Stored data:
+--
(* Let $(X,C)$ be a separable convexity space and let $B$ be the family of its half-spaces. If the Radon number of $(X,C)$ is $r$, then the VC dimension of $B$ and the Helly number of $B$ are both less than $r$.
   Context: A convexity space is a pair $(X,C)$ with $C\subseteq 2^X$ such that $\emptyset, X\in C$ and $C$ is closed under arbitrary intersections. The convex hull $conv(Y)$ is the intersection of all $c\in C$ containing $Y$. A half-space is a $b\in C$ with $X\setminus b\in C$. $(X,C)$ is separable if for every $c\in C$ and $x\in X\setminus c$ there is a half-space $b$ with $c\subseteq b$, $x\notin b$. $C$ Radon-shatters $Y$ if for every partition $Y=Y_1\sqcup Y_2$, $conv(Y_1)\cap conv(Y_2)=\emptyset$; the Radon number is the minimum $r$ such that no set of size $r$ is Radon-shattered. The Helly number of a family $B$ is the minimum $h$ such that every finite $B'\subseteq B$ with $\bigcap B'=\emptyset$ contains a subfamily of at most $h$ sets with empty intersection. The VC dimension of $B\subseteq 2^X$ is the supremum of $v$ such that some $Y\subseteq X$ with $|Y|=v$ satisfies: for every $Z\subseteq Y$ there is $b\in B$ with $b\cap Y=Z$. *)

theory Defs
  imports Main "HOL-Library.Extended_Nat"
begin

definition convexity_space :: "'a set \<Rightarrow> 'a set set \<Rightarrow> bool" where
  "convexity_space X C \<longleftrightarrow> C \<subseteq> Pow X \<and> {} \<in> C \<and> X \<in> C \<and>
     (\<forall>S. S \<subseteq> C \<longrightarrow> X \<inter> \<Inter>S \<in> C)"

definition conv :: "'a set \<Rightarrow> 'a set set \<Rightarrow> 'a set \<Rightarrow> 'a set" where
  "conv X C Y = X \<inter> \<Inter>{c \<in> C. Y \<subseteq> c}"

definition half_spaces :: "'a set \<Rightarrow> 'a set set \<Rightarrow> 'a set set" where
  "half_spaces X C = {b \<in> C. X - b \<in> C}"

definition separable :: "'a set \<Rightarrow> 'a set set \<Rightarrow> bool" where
  "separable X C \<longleftrightarrow>
     (\<forall>c\<in>C. \<forall>x\<in>X - c. \<exists>b\<in>half_spaces X C. c \<subseteq> b \<and> x \<notin> b)"

definition radon_shatters :: "'a set \<Rightarrow> 'a set set \<Rightarrow> 'a set \<Rightarrow> bool" where
  "radon_shatters X C Y \<longleftrightarrow>
     (\<forall>Y1 Y2. Y1 \<inter> Y2 = {} \<and> Y1 \<union> Y2 = Y \<longrightarrow> conv X C Y1 \<inter> conv X C Y2 = {})"

definition radon_number :: "'a set \<Rightarrow> 'a set set \<Rightarrow> enat" where
  "radon_number X C =
    (let P = (\<lambda>r::nat. \<forall>Y. Y \<subseteq> X \<and> finite Y \<and> card Y = r \<longrightarrow> \<not> radon_shatters X C Y)
     in if \<exists>r. P r then enat (LEAST r. P r) else \<infinity>)"

text \<open>Helly number of a family B of subsets of the ground set X
  (intersections are taken inside X, so the empty subfamily has intersection X).\<close>
definition helly_number :: "'a set \<Rightarrow> 'a set set \<Rightarrow> enat" where
  "helly_number X B =
    (let P = (\<lambda>h::nat. \<forall>B'. B' \<subseteq> B \<and> finite B' \<and> X \<inter> \<Inter>B' = {} \<longrightarrow>
                 (\<exists>B''\<subseteq>B'. card B'' \<le> h \<and> X \<inter> \<Inter>B'' = {}))
     in if \<exists>h. P h then enat (LEAST h. P h) else \<infinity>)"

definition vc_shatters :: "'a set set \<Rightarrow> 'a set \<Rightarrow> bool" where
  "vc_shatters B Y \<longleftrightarrow> (\<forall>Z\<subseteq>Y. \<exists>b\<in>B. b \<inter> Y = Z)"

definition vc_dim :: "'a set \<Rightarrow> 'a set set \<Rightarrow> enat" where
  "vc_dim X B = Sup {enat (card Y) | Y. Y \<subseteq> X \<and> finite Y \<and> vc_shatters B Y}"

end

theory Submission
  imports Defs
begin

text \<open>Both bounds come from exhibiting Radon-shattered sets. A set that half-spaces
  VC-shatter is Radon-shattered: the half-space cutting out one part of a partition and
  its complement are disjoint convex sets containing the two parts. For Helly, take a
  minimal family of convex sets with empty intersection and pick for each member a point
  lying in all the other members. These points are distinct, and each part of a partition
  of them lies in every member picked for the other part, so the hulls of the two parts
  can only meet in the intersection of the whole family, which is empty.\<close>

lemma conv_mono: "Y \<subseteq> Z \<Longrightarrow> conv X C Y \<subseteq> conv X C Z"
  unfolding conv_def by blast

lemma conv_subset_Inter: "S \<subseteq> C \<Longrightarrow> Y \<subseteq> \<Inter>S \<Longrightarrow> conv X C Y \<subseteq> X \<inter> \<Inter>S"
  unfolding conv_def by blast

lemma radon_shattersI:
  assumes "\<And>Y1 Y2. Y1 \<inter> Y2 = {} \<Longrightarrow> Y1 \<union> Y2 = Y \<Longrightarrow>
      \<exists>S1 S2. S1 \<subseteq> C \<and> S2 \<subseteq> C \<and> Y1 \<subseteq> \<Inter>S1 \<and> Y2 \<subseteq> \<Inter>S2 \<and> X \<inter> \<Inter>S1 \<inter> \<Inter>S2 = {}"
  shows "radon_shatters X C Y"
  unfolding radon_shatters_def
proof (intro allI impI)
  fix Y1 Y2 assume "Y1 \<inter> Y2 = {} \<and> Y1 \<union> Y2 = Y"
  then obtain S1 S2 where "S1 \<subseteq> C" "S2 \<subseteq> C" "Y1 \<subseteq> \<Inter>S1" "Y2 \<subseteq> \<Inter>S2"
      and disj: "X \<inter> \<Inter>S1 \<inter> \<Inter>S2 = {}"
    using assms[of Y1 Y2] by blast
  then have "conv X C Y1 \<subseteq> X \<inter> \<Inter>S1" "conv X C Y2 \<subseteq> X \<inter> \<Inter>S2"
    by (metis conv_subset_Inter)+
  with disj show "conv X C Y1 \<inter> conv X C Y2 = {}" by blast
qed

lemma radon_shattersD:
  "radon_shatters X C Y \<Longrightarrow> Y1 \<inter> Y2 = {} \<Longrightarrow> Y1 \<union> Y2 = Y \<Longrightarrow> conv X C Y1 \<inter> conv X C Y2 = {}"
  unfolding radon_shatters_def by simp

lemma radon_shatters_empty: "{} \<in> C \<Longrightarrow> radon_shatters X C {}"
  unfolding radon_shatters_def conv_def by blast

lemma radon_shatters_subset:
  assumes "radon_shatters X C Y" "Y' \<subseteq> Y"
  shows "radon_shatters X C Y'"
  unfolding radon_shatters_def
proof (intro allI impI)
  fix Y1 Y2 assume "Y1 \<inter> Y2 = {} \<and> Y1 \<union> Y2 = Y'"
  with assms(2) have "conv X C Y1 \<inter> conv X C (Y2 \<union> (Y - Y')) = {}"
    by (intro radon_shattersD[OF assms(1)]) auto
  moreover have "conv X C Y2 \<subseteq> conv X C (Y2 \<union> (Y - Y'))" by (rule conv_mono) blast
  ultimately show "conv X C Y1 \<inter> conv X C Y2 = {}" by blast
qed

lemma radon_shatters_card_less:
  assumes "radon_number X C = enat r" "Y \<subseteq> X" "finite Y" "radon_shatters X C Y"
  shows "card Y < r"
proof (rule ccontr)
  define P where "P = (\<lambda>r::nat. \<forall>Y. Y \<subseteq> X \<and> finite Y \<and> card Y = r \<longrightarrow> \<not> radon_shatters X C Y)"
  have "\<exists>r. P r" and "r = (LEAST r. P r)"
    using assms(1) unfolding radon_number_def P_def Let_def by (auto split: if_splits)
  then have "P r" by (metis LeastI_ex)
  assume "\<not> card Y < r"
  then obtain Y' where "Y' \<subseteq> Y" "card Y' = r"
    using obtain_subset_with_card_n[of r Y] by auto
  moreover from this have "radon_shatters X C Y'"
    using assms(4) radon_shatters_subset by blast
  moreover have "Y' \<subseteq> X" "finite Y'"
    using \<open>Y' \<subseteq> Y\<close> assms(2,3) finite_subset by auto
  ultimately show False using \<open>P r\<close> unfolding P_def by blast
qed

lemma radon_number_pos:
  assumes "{} \<in> C" "radon_number X C = enat r"
  shows "0 < r"
  using radon_shatters_card_less[OF assms(2) empty_subsetI finite.emptyI radon_shatters_empty[OF assms(1)]]
  by simp

lemma vc_dim_less:
  assumes "0 < r"
    and "\<And>Y. Y \<subseteq> X \<Longrightarrow> finite Y \<Longrightarrow> vc_shatters B Y \<Longrightarrow> card Y < r"
  shows "vc_dim X B < enat r"
proof -
  have "vc_dim X B \<le> enat (r - 1)"
    unfolding vc_dim_def
  proof (rule Sup_least)
    fix e assume "e \<in> {enat (card Y) | Y. Y \<subseteq> X \<and> finite Y \<and> vc_shatters B Y}"
    then obtain Y where "e = enat (card Y)" "Y \<subseteq> X" "finite Y" "vc_shatters B Y" by blast
    moreover from \<open>Y \<subseteq> X\<close> \<open>finite Y\<close> \<open>vc_shatters B Y\<close> have "card Y < r" by (rule assms(2))
    ultimately show "e \<le> enat (r - 1)" by simp
  qed
  also have "\<dots> < enat r" using assms(1) by simp
  finally show ?thesis .
qed

lemma helly_number_less:
  assumes "0 < r"
    and "\<And>B'. B' \<subseteq> B \<Longrightarrow> finite B' \<Longrightarrow> X \<inter> \<Inter>B' = {} \<Longrightarrow>
           \<exists>B''\<subseteq>B'. card B'' < r \<and> X \<inter> \<Inter>B'' = {}"
  shows "helly_number X B < enat r"
proof -
  define P where "P = (\<lambda>h::nat. \<forall>B'. B' \<subseteq> B \<and> finite B' \<and> X \<inter> \<Inter>B' = {} \<longrightarrow>
                 (\<exists>B''\<subseteq>B'. card B'' \<le> h \<and> X \<inter> \<Inter>B'' = {}))"
  have "P (r - 1)"
    unfolding P_def
  proof (intro allI impI)
    fix B' assume "B' \<subseteq> B \<and> finite B' \<and> X \<inter> \<Inter>B' = {}"
    then obtain B'' where "B'' \<subseteq> B'" and "card B'' < r" and "X \<inter> \<Inter>B'' = {}"
      using assms(2)[of B'] by blast
    moreover from \<open>card B'' < r\<close> have "card B'' \<le> r - 1" by simp
    ultimately show "\<exists>B''\<subseteq>B'. card B'' \<le> r - 1 \<and> X \<inter> \<Inter>B'' = {}" by blast
  qed
  then have "(LEAST h. P h) \<le> r - 1" by (rule Least_le)
  moreover have "helly_number X B = (if Ex P then enat (Least P) else \<infinity>)"
    unfolding helly_number_def Let_def P_def ..
  ultimately show ?thesis using assms(1) \<open>P (r - 1)\<close> by auto
qed

lemma vc_shatters_half_spaces_imp_radon_shatters:
  assumes "Y \<subseteq> X" "vc_shatters (half_spaces X C) Y"
  shows "radon_shatters X C Y"
proof (rule radon_shattersI)
  fix Y1 Y2 assume "Y1 \<inter> Y2 = {}" "Y1 \<union> Y2 = Y"
  then obtain b where "b \<in> C" "X - b \<in> C" "b \<inter> Y = Y1"
    using assms(2) unfolding vc_shatters_def half_spaces_def by blast
  with \<open>Y1 \<inter> Y2 = {}\<close> \<open>Y1 \<union> Y2 = Y\<close> assms(1)
  show "\<exists>S1 S2. S1 \<subseteq> C \<and> S2 \<subseteq> C \<and> Y1 \<subseteq> \<Inter>S1 \<and> Y2 \<subseteq> \<Inter>S2 \<and> X \<inter> \<Inter>S1 \<inter> \<Inter>S2 = {}"
    by (intro exI[of _ "{b}"] exI[of _ "{X - b}"]) auto
qed

lemma obtain_minimal_subfamily_with_empty_Inter:
  assumes "finite B" "X \<inter> \<Inter>B = {}"
  obtains B' where "B' \<subseteq> B" "X \<inter> \<Inter>B' = {}" "\<And>B''. B'' \<subset> B' \<Longrightarrow> X \<inter> \<Inter>B'' \<noteq> {}"
proof -
  define Q where "Q = (\<lambda>n. \<exists>B'\<subseteq>B. card B' = n \<and> X \<inter> \<Inter>B' = {})"
  have "Q (card B)" unfolding Q_def using assms by blast
  then have "Q (LEAST n. Q n)" by (rule LeastI)
  then obtain B' where B': "B' \<subseteq> B" "card B' = (LEAST n. Q n)" "X \<inter> \<Inter>B' = {}"
    unfolding Q_def by blast
  have "X \<inter> \<Inter>B'' \<noteq> {}" if "B'' \<subset> B'" for B''
  proof
    assume "X \<inter> \<Inter>B'' = {}"
    with that B'(1) have "Q (card B'')" unfolding Q_def by blast
    moreover have "card B'' < card B'"
      using psubset_card_mono[OF finite_subset[OF B'(1) assms(1)] that] .
    ultimately show False using B'(2) not_less_Least by metis
  qed
  with B'(1,3) show thesis by (rule that)
qed

lemma minimal_family_with_empty_Inter_radon_shatters:
  assumes "B \<subseteq> C" "finite B" "X \<inter> \<Inter>B = {}"
    and minimal: "\<And>B'. B' \<subset> B \<Longrightarrow> X \<inter> \<Inter>B' \<noteq> {}"
  obtains Y where "Y \<subseteq> X" "finite Y" "card Y = card B" "radon_shatters X C Y"
proof -
  have "\<forall>b\<in>B. \<exists>y. y \<in> X \<inter> \<Inter>(B - {b})"
    using minimal by blast
  then obtain x where x: "\<And>b. b \<in> B \<Longrightarrow> x b \<in> X \<inter> \<Inter>(B - {b})" by metis
  have x_notin: "x b \<notin> b" if "b \<in> B" for b
    using x[OF that] assms(3) that by blast
  have x_in: "x b \<in> c" if "b \<in> B" "c \<in> B" "b \<noteq> c" for b c
    using x[OF that(1)] that by blast
  have "inj_on x B"
    by (rule inj_onI) (metis x_notin x_in)
  then have "card (x ` B) = card B" by (rule card_image)
  moreover have "x ` B \<subseteq> X" using x by blast
  moreover have "radon_shatters X C (x ` B)"
  proof (rule radon_shattersI)
    have points_in_others: "Z \<subseteq> \<Inter>{c\<in>B. x c \<notin> Z}" if "Z \<subseteq> x ` B" for Z
    proof
      fix y assume "y \<in> Z"
      with that obtain b where "b \<in> B" "y = x b" by blast
      with \<open>y \<in> Z\<close> show "y \<in> \<Inter>{c\<in>B. x c \<notin> Z}" using x_in by blast
    qed
    fix Y1 Y2 assume "Y1 \<inter> Y2 = {}" "Y1 \<union> Y2 = x ` B"
    define S1 where "S1 = {c\<in>B. x c \<notin> Y1}"
    define S2 where "S2 = {c\<in>B. x c \<notin> Y2}"
    have "Y1 \<subseteq> x ` B" "Y2 \<subseteq> x ` B" using \<open>Y1 \<union> Y2 = x ` B\<close> by blast+
    then have "Y1 \<subseteq> \<Inter>S1" "Y2 \<subseteq> \<Inter>S2"
      unfolding S1_def S2_def by (simp_all only: points_in_others)
    moreover have "S1 \<subseteq> C" "S2 \<subseteq> C" using assms(1) unfolding S1_def S2_def by blast+
    moreover have "S1 \<union> S2 = B" using \<open>Y1 \<inter> Y2 = {}\<close> unfolding S1_def S2_def by blast
    then have "X \<inter> \<Inter>S1 \<inter> \<Inter>S2 = {}" using assms(3) by (metis Inter_Un_distrib Int_assoc)
    ultimately show "\<exists>S1 S2. S1 \<subseteq> C \<and> S2 \<subseteq> C \<and> Y1 \<subseteq> \<Inter>S1 \<and> Y2 \<subseteq> \<Inter>S2 \<and> X \<inter> \<Inter>S1 \<inter> \<Inter>S2 = {}"
      by blast
  qed
  ultimately show thesis using that assms(2) by blast
qed

lemma vc_dim_half_spaces_less_radon_number:
  assumes "{} \<in> C" "radon_number X C = enat r"
  shows "vc_dim X (half_spaces X C) < enat r"
  using radon_number_pos[OF assms] by (rule vc_dim_less)
    (simp add: radon_shatters_card_less[OF assms(2)] vc_shatters_half_spaces_imp_radon_shatters)

lemma helly_number_less_radon_number:
  assumes "{} \<in> C" "radon_number X C = enat r" "B \<subseteq> C"
  shows "helly_number X B < enat r"
  using radon_number_pos[OF assms(1,2)]
proof (rule helly_number_less)
  fix B' assume "B' \<subseteq> B" "finite B'" "X \<inter> \<Inter>B' = {}"
  obtain B'' where B'': "B'' \<subseteq> B'" "X \<inter> \<Inter>B'' = {}" "\<And>D. D \<subset> B'' \<Longrightarrow> X \<inter> \<Inter>D \<noteq> {}"
    using obtain_minimal_subfamily_with_empty_Inter[OF \<open>finite B'\<close> \<open>X \<inter> \<Inter>B' = {}\<close>] by metis
  have "B'' \<subseteq> C" using B''(1) \<open>B' \<subseteq> B\<close> assms(3) by blast
  moreover have "finite B''" using B''(1) \<open>finite B'\<close> by (rule finite_subset)
  ultimately obtain Y where "Y \<subseteq> X" "finite Y" "card Y = card B''" "radon_shatters X C Y"
    using B''(2,3) by (rule minimal_family_with_empty_Inter_radon_shatters)
  then have "card B'' < r" using radon_shatters_card_less[OF assms(2)] by metis
  with B''(1,2) show "\<exists>B''\<subseteq>B'. card B'' < r \<and> X \<inter> \<Inter>B'' = {}" by blast
qed

theorem lemma1:
  fixes X :: "'a set" and C :: "'a set set" and r :: nat
  assumes "convexity_space X C"
    and "separable X C"
    and "radon_number X C = enat r"
  shows "vc_dim X (half_spaces X C) < enat r \<and> helly_number X (half_spaces X C) < enat r"
proof -
  have "{} \<in> C" using assms(1) unfolding convexity_space_def by blast
  moreover have "half_spaces X C \<subseteq> C" unfolding half_spaces_def by blast
  ultimately show ?thesis
    by (simp add: vc_dim_half_spaces_less_radon_number helly_number_less_radon_number assms(3))
qed

end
+--
What you need to do = Taking the records above line by line, count those that hold the word "infinity"; the number is the entire answer.

Result = 3